▸ WORK INSTRUCTION
Where a line holds the word "else", count it, then give only the total for the entries below.

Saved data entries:
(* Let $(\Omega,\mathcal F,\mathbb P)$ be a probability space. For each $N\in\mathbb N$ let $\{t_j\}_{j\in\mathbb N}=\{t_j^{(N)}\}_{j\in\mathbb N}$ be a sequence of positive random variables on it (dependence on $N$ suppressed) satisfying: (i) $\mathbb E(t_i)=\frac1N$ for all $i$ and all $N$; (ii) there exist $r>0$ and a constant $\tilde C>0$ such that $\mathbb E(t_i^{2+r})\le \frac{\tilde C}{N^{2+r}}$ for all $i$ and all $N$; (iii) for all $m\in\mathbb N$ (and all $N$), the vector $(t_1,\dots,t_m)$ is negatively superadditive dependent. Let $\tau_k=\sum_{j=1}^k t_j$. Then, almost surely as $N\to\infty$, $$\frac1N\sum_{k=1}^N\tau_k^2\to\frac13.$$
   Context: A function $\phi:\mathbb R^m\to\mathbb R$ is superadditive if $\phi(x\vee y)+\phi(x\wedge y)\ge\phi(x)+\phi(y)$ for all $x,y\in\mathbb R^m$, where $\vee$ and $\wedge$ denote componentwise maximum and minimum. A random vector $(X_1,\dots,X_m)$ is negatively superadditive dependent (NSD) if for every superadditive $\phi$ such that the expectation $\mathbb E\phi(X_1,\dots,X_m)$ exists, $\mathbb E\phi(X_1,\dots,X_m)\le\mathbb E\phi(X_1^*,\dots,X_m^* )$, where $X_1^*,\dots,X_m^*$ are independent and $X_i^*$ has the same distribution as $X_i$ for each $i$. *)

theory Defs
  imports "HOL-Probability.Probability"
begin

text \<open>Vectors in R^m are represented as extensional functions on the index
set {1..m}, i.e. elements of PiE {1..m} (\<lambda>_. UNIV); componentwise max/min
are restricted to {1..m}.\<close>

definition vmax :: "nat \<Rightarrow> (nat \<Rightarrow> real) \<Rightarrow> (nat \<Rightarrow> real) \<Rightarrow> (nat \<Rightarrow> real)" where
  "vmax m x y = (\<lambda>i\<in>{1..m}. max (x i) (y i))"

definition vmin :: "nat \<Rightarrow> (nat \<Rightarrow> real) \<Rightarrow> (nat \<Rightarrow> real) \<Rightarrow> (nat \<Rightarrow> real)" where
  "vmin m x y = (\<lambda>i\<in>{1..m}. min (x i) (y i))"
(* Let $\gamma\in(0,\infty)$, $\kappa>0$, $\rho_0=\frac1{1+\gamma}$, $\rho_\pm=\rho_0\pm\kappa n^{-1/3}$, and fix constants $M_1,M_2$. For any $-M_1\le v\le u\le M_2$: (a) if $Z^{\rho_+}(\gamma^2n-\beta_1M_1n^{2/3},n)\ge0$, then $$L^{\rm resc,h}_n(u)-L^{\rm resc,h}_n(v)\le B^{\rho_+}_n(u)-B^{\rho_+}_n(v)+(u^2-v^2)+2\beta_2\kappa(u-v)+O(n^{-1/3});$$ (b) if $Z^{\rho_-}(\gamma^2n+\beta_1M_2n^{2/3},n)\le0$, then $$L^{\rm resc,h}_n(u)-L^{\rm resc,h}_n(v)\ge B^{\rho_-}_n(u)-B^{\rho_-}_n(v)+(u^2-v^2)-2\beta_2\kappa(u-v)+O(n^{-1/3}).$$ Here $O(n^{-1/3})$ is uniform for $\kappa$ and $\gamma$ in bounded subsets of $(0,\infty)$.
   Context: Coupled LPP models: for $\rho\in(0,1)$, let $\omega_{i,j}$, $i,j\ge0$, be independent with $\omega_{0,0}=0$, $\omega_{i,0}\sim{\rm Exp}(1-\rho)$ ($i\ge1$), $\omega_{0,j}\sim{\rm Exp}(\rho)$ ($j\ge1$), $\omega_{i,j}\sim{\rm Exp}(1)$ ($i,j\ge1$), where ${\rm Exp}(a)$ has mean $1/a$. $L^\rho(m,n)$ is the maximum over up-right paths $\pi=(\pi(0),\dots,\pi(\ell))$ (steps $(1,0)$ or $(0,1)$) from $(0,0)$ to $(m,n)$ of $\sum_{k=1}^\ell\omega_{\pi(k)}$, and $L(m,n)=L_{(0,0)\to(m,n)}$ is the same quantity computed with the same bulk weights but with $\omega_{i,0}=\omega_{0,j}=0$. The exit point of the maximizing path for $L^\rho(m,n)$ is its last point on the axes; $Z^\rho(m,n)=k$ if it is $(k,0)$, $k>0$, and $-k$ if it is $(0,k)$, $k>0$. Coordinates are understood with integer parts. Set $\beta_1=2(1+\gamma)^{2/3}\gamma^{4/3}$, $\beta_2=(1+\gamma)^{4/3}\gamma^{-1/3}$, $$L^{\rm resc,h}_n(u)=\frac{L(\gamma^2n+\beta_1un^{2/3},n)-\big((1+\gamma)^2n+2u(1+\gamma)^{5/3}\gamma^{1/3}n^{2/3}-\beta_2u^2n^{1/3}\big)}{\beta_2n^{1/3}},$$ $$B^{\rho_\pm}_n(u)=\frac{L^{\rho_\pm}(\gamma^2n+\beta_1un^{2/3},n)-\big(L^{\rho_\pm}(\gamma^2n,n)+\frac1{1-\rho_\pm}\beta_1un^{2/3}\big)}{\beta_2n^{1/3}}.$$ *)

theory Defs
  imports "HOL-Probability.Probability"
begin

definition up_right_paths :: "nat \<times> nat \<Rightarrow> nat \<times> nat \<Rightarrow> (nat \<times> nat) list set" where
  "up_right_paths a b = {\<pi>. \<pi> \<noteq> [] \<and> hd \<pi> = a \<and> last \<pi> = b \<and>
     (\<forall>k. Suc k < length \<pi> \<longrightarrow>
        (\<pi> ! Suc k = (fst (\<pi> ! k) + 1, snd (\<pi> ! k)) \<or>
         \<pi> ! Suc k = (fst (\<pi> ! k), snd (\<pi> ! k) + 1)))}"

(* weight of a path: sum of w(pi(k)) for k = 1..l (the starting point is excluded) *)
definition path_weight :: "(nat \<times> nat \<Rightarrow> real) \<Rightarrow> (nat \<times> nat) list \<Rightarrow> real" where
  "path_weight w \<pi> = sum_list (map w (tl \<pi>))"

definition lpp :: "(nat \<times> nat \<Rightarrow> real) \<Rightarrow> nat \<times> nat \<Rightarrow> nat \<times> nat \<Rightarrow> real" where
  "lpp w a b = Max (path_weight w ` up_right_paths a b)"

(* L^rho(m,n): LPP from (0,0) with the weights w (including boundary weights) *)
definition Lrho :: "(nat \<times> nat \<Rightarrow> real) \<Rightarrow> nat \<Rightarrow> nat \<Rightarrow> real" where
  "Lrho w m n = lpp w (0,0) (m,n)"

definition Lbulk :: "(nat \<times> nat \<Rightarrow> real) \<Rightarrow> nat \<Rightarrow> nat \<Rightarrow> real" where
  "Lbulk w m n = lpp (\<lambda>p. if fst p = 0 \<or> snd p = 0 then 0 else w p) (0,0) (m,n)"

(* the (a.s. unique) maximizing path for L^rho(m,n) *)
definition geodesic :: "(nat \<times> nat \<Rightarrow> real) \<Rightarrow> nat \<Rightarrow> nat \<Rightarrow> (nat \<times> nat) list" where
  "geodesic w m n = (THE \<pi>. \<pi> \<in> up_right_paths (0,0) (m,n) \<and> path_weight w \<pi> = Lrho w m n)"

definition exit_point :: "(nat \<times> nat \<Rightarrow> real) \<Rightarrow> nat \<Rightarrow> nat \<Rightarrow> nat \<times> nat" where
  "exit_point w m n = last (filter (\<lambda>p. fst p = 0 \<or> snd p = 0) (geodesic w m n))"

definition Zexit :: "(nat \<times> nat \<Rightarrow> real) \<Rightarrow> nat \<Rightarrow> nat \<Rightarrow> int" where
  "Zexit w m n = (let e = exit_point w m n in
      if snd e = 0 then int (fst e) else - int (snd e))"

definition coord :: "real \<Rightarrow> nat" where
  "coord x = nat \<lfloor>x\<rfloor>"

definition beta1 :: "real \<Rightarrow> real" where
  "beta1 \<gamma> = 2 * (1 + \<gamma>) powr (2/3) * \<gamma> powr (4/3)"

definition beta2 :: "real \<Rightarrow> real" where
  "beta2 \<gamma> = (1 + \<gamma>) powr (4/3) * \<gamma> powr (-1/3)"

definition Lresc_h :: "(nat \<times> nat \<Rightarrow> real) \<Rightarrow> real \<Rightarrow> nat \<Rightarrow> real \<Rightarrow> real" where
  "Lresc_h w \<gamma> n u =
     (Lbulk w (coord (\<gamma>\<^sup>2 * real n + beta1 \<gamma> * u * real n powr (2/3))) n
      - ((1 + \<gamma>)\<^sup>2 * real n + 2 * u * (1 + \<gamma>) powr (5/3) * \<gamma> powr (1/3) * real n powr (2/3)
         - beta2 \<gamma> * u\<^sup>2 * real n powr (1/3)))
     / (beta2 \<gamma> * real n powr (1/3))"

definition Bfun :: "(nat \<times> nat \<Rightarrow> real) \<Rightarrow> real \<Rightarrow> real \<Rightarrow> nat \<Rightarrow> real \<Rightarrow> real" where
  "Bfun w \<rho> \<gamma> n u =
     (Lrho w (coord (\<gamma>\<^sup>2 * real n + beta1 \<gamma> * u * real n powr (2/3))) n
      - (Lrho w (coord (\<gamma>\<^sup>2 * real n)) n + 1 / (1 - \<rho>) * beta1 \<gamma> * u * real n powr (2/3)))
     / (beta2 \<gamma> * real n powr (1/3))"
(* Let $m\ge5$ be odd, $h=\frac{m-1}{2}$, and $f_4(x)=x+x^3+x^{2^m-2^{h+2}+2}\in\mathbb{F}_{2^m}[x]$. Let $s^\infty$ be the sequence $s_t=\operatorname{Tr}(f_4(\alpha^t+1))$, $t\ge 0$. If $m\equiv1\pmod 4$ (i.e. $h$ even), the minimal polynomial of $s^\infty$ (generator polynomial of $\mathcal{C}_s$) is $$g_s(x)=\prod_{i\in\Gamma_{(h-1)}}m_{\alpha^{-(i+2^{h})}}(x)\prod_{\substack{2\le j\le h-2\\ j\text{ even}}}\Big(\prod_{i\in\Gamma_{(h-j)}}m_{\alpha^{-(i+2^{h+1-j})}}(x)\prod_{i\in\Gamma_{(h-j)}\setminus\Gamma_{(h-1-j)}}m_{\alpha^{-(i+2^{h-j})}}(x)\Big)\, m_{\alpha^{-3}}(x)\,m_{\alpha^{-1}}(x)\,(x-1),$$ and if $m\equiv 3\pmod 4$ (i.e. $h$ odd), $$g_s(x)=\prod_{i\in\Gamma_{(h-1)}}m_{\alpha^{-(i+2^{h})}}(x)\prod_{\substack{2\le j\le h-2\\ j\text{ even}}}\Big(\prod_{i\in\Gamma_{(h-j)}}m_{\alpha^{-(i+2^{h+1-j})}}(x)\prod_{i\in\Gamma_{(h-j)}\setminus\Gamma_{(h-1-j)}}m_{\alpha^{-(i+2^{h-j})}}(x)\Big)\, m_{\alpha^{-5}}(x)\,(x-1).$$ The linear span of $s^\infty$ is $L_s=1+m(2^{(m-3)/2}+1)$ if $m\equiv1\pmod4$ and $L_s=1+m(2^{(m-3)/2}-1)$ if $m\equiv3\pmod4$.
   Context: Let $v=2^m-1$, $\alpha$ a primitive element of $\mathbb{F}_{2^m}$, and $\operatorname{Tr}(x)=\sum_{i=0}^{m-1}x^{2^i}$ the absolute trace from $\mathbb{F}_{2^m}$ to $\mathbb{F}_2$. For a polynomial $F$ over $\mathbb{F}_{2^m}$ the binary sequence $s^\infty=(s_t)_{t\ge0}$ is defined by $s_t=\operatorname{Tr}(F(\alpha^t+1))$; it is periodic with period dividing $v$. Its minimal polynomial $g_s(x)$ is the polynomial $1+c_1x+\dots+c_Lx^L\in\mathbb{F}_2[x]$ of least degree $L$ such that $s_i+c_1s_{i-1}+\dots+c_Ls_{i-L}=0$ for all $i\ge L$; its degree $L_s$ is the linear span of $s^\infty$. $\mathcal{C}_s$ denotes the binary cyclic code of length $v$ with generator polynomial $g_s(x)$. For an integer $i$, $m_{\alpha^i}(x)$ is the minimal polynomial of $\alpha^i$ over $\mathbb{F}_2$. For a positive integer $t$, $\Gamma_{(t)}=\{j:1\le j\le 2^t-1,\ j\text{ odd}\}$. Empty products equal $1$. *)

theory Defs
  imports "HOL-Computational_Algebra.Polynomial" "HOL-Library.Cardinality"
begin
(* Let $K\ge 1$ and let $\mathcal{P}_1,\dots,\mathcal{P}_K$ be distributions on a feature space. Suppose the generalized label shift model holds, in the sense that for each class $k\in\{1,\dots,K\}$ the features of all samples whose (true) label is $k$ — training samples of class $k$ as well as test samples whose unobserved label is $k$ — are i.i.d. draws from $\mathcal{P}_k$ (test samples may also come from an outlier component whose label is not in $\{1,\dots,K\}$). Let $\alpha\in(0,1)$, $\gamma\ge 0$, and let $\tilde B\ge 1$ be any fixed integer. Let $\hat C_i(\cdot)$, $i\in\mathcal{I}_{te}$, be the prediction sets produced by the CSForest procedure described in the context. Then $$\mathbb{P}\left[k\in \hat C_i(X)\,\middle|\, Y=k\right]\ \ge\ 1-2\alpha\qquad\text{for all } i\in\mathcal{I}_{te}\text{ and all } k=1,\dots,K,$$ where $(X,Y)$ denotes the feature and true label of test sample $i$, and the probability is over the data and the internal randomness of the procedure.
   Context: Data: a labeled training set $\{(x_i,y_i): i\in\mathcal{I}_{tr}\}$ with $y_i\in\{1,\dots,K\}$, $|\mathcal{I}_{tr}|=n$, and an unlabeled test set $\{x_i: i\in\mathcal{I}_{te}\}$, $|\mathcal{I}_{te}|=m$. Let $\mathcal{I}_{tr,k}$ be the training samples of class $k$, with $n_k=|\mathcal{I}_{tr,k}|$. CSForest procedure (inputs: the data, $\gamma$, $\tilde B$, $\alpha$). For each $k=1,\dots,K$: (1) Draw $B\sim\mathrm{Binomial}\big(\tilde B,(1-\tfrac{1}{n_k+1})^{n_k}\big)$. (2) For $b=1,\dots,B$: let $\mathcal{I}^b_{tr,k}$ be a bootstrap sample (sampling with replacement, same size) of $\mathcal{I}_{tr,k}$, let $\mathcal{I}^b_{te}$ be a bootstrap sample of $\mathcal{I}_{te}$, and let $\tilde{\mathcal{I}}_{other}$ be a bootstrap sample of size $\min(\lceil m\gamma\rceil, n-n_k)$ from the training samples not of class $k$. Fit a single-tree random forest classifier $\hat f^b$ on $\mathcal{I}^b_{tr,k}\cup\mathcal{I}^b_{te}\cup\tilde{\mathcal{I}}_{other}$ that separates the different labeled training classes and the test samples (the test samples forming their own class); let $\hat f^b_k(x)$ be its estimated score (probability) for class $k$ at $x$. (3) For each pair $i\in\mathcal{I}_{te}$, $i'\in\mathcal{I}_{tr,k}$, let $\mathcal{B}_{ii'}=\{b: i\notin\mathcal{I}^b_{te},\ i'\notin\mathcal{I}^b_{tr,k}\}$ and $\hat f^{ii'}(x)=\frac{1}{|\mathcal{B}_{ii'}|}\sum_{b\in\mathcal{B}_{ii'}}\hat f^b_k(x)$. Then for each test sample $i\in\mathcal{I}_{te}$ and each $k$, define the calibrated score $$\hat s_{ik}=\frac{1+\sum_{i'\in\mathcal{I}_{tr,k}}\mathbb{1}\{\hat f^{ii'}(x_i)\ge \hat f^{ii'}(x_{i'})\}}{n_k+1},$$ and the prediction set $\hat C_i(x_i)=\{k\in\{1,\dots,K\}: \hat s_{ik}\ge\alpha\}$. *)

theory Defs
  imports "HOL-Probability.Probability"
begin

▸ EXERCISE RESPONSE
2